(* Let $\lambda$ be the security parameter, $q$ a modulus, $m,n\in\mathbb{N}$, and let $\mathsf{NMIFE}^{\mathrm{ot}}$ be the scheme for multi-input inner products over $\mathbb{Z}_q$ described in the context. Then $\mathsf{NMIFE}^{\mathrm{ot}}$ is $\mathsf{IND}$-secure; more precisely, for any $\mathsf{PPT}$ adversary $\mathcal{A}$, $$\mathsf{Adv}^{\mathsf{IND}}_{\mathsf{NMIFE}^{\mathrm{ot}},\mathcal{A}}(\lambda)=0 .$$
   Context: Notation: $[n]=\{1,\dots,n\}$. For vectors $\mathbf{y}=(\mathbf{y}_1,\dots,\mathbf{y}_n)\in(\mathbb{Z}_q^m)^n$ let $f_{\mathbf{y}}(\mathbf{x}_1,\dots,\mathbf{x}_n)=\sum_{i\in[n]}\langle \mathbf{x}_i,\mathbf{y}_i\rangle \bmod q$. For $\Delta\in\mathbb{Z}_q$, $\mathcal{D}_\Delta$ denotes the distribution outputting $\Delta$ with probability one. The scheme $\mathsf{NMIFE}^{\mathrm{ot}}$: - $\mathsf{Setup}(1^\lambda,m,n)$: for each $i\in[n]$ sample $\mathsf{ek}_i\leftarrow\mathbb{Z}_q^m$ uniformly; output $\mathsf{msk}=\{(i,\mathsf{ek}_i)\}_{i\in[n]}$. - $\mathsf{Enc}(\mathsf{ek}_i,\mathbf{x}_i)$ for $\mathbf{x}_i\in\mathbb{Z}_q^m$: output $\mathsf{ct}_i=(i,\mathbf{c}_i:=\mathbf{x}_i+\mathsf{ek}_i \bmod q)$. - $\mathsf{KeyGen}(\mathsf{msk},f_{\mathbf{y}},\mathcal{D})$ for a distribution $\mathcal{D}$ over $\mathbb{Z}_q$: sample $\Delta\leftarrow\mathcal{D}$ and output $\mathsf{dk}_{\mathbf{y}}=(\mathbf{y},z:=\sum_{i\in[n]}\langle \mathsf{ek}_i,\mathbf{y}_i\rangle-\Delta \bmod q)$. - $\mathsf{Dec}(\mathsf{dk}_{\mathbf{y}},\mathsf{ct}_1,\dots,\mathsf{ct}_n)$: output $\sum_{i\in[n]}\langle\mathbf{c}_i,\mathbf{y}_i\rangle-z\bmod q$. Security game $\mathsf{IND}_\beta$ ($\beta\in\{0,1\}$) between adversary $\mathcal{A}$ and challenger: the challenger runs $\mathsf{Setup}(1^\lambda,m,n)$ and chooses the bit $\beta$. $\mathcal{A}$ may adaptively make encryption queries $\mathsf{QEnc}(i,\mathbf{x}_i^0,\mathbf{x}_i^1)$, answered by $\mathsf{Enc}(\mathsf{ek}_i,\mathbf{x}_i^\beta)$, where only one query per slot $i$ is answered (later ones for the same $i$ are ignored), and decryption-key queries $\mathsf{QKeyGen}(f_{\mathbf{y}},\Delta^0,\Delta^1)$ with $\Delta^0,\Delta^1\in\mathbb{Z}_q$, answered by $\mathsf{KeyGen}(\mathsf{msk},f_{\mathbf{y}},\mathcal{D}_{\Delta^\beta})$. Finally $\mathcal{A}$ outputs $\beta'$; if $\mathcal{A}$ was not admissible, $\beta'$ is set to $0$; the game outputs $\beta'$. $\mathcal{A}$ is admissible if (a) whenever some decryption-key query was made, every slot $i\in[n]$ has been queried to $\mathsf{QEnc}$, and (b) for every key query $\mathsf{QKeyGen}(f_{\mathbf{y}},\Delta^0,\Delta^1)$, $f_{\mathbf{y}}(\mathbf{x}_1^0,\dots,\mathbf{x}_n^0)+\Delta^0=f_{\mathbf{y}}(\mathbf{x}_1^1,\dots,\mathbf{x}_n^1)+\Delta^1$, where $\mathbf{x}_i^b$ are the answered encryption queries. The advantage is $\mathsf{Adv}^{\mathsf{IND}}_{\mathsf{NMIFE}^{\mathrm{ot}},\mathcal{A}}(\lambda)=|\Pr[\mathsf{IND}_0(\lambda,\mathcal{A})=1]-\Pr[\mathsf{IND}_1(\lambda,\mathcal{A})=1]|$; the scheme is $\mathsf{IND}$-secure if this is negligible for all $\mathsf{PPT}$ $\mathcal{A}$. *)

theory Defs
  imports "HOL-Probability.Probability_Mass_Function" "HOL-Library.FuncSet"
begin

== Work task ==
Repeat the whole listing exactly. Leave nothing out.

== Result of the task ==
(* Let $\lambda$ be the security parameter, $q$ a modulus, $m,n\in\mathbb{N}$, and let $\mathsf{NMIFE}^{\mathrm{ot}}$ be the scheme for multi-input inner products over $\mathbb{Z}_q$ described in the context. Then $\mathsf{NMIFE}^{\mathrm{ot}}$ is $\mathsf{IND}$-secure; more precisely, for any $\mathsf{PPT}$ adversary $\mathcal{A}$, $$\mathsf{Adv}^{\mathsf{IND}}_{\mathsf{NMIFE}^{\mathrm{ot}},\mathcal{A}}(\lambda)=0 .$$
   Context: Notation: $[n]=\{1,\dots,n\}$. For vectors $\mathbf{y}=(\mathbf{y}_1,\dots,\mathbf{y}_n)\in(\mathbb{Z}_q^m)^n$ let $f_{\mathbf{y}}(\mathbf{x}_1,\dots,\mathbf{x}_n)=\sum_{i\in[n]}\langle \mathbf{x}_i,\mathbf{y}_i\rangle \bmod q$. For $\Delta\in\mathbb{Z}_q$, $\mathcal{D}_\Delta$ denotes the distribution outputting $\Delta$ with probability one. The scheme $\mathsf{NMIFE}^{\mathrm{ot}}$: - $\mathsf{Setup}(1^\lambda,m,n)$: for each $i\in[n]$ sample $\mathsf{ek}_i\leftarrow\mathbb{Z}_q^m$ uniformly; output $\mathsf{msk}=\{(i,\mathsf{ek}_i)\}_{i\in[n]}$. - $\mathsf{Enc}(\mathsf{ek}_i,\mathbf{x}_i)$ for $\mathbf{x}_i\in\mathbb{Z}_q^m$: output $\mathsf{ct}_i=(i,\mathbf{c}_i:=\mathbf{x}_i+\mathsf{ek}_i \bmod q)$. - $\mathsf{KeyGen}(\mathsf{msk},f_{\mathbf{y}},\mathcal{D})$ for a distribution $\mathcal{D}$ over $\mathbb{Z}_q$: sample $\Delta\leftarrow\mathcal{D}$ and output $\mathsf{dk}_{\mathbf{y}}=(\mathbf{y},z:=\sum_{i\in[n]}\langle \mathsf{ek}_i,\mathbf{y}_i\rangle-\Delta \bmod q)$. - $\mathsf{Dec}(\mathsf{dk}_{\mathbf{y}},\mathsf{ct}_1,\dots,\mathsf{ct}_n)$: output $\sum_{i\in[n]}\langle\mathbf{c}_i,\mathbf{y}_i\rangle-z\bmod q$. Security game $\mathsf{IND}_\beta$ ($\beta\in\{0,1\}$) between adversary $\mathcal{A}$ and challenger: the challenger runs $\mathsf{Setup}(1^\lambda,m,n)$ and chooses the bit $\beta$. $\mathcal{A}$ may adaptively make encryption queries $\mathsf{QEnc}(i,\mathbf{x}_i^0,\mathbf{x}_i^1)$, answered by $\mathsf{Enc}(\mathsf{ek}_i,\mathbf{x}_i^\beta)$, where only one query per slot $i$ is answered (later ones for the same $i$ are ignored), and decryption-key queries $\mathsf{QKeyGen}(f_{\mathbf{y}},\Delta^0,\Delta^1)$ with $\Delta^0,\Delta^1\in\mathbb{Z}_q$, answered by $\mathsf{KeyGen}(\mathsf{msk},f_{\mathbf{y}},\mathcal{D}_{\Delta^\beta})$. Finally $\mathcal{A}$ outputs $\beta'$; if $\mathcal{A}$ was not admissible, $\beta'$ is set to $0$; the game outputs $\beta'$. $\mathcal{A}$ is admissible if (a) whenever some decryption-key query was made, every slot $i\in[n]$ has been queried to $\mathsf{QEnc}$, and (b) for every key query $\mathsf{QKeyGen}(f_{\mathbf{y}},\Delta^0,\Delta^1)$, $f_{\mathbf{y}}(\mathbf{x}_1^0,\dots,\mathbf{x}_n^0)+\Delta^0=f_{\mathbf{y}}(\mathbf{x}_1^1,\dots,\mathbf{x}_n^1)+\Delta^1$, where $\mathbf{x}_i^b$ are the answered encryption queries. The advantage is $\mathsf{Adv}^{\mathsf{IND}}_{\mathsf{NMIFE}^{\mathrm{ot}},\mathcal{A}}(\lambda)=|\Pr[\mathsf{IND}_0(\lambda,\mathcal{A})=1]-\Pr[\mathsf{IND}_1(\lambda,\mathcal{A})=1]|$; the scheme is $\mathsf{IND}$-secure if this is negligible for all $\mathsf{PPT}$ $\mathcal{A}$. *)

theory Defs
  imports "HOL-Probability.Probability_Mass_Function" "HOL-Library.FuncSet"
begin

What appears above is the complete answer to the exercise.